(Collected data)
◆ ◆ ◆ ◆
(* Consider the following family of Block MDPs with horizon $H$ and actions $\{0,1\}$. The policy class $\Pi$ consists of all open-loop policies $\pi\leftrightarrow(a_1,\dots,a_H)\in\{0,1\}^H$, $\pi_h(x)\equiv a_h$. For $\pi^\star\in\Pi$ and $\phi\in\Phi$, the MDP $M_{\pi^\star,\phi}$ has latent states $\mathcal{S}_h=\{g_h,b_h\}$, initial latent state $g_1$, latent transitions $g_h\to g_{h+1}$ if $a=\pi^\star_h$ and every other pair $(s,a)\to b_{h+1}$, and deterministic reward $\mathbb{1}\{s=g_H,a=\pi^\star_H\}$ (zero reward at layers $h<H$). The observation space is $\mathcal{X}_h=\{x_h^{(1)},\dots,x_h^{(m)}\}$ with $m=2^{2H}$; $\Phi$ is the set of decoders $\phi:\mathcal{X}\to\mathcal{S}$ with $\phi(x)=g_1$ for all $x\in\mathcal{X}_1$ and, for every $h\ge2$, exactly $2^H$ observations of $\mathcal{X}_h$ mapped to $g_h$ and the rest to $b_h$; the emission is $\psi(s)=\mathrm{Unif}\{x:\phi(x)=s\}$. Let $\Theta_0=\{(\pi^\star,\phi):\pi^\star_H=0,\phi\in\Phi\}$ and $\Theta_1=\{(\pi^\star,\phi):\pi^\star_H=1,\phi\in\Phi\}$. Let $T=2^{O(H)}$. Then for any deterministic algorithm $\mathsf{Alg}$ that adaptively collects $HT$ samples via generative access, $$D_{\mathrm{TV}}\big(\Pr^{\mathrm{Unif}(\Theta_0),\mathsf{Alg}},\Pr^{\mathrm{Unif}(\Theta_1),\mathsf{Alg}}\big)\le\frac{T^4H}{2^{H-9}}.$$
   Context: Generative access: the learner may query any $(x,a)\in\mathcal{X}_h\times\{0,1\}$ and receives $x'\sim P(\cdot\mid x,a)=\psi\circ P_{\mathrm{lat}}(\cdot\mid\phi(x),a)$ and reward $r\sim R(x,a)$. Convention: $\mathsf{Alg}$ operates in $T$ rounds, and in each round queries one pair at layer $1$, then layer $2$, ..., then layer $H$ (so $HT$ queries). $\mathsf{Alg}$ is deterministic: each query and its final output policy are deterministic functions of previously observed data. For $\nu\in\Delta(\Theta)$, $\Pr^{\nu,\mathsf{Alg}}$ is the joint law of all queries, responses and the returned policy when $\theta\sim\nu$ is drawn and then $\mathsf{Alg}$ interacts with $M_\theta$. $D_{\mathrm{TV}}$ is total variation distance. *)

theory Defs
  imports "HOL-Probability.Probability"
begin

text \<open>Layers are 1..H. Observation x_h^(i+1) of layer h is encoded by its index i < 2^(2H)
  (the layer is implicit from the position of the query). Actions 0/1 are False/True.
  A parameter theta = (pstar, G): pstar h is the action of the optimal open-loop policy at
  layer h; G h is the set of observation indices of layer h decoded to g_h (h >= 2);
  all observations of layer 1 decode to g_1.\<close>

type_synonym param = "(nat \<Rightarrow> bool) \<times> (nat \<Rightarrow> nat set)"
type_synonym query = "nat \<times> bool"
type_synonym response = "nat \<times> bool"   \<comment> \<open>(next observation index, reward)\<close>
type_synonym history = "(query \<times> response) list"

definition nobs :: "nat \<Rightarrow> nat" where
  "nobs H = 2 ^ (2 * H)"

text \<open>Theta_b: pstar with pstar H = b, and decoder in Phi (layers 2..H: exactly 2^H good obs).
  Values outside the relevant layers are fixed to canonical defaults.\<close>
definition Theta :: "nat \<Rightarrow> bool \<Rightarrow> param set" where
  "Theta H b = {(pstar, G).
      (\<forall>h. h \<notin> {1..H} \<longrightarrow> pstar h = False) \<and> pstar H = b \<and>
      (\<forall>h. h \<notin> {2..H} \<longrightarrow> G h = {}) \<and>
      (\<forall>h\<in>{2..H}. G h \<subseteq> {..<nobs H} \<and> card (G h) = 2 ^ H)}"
◆ ◆ ◆ ◆
# [What is needed]
What is needed is the number of lines in the data that hold the word "definition", with nothing added.

# [Task result]
2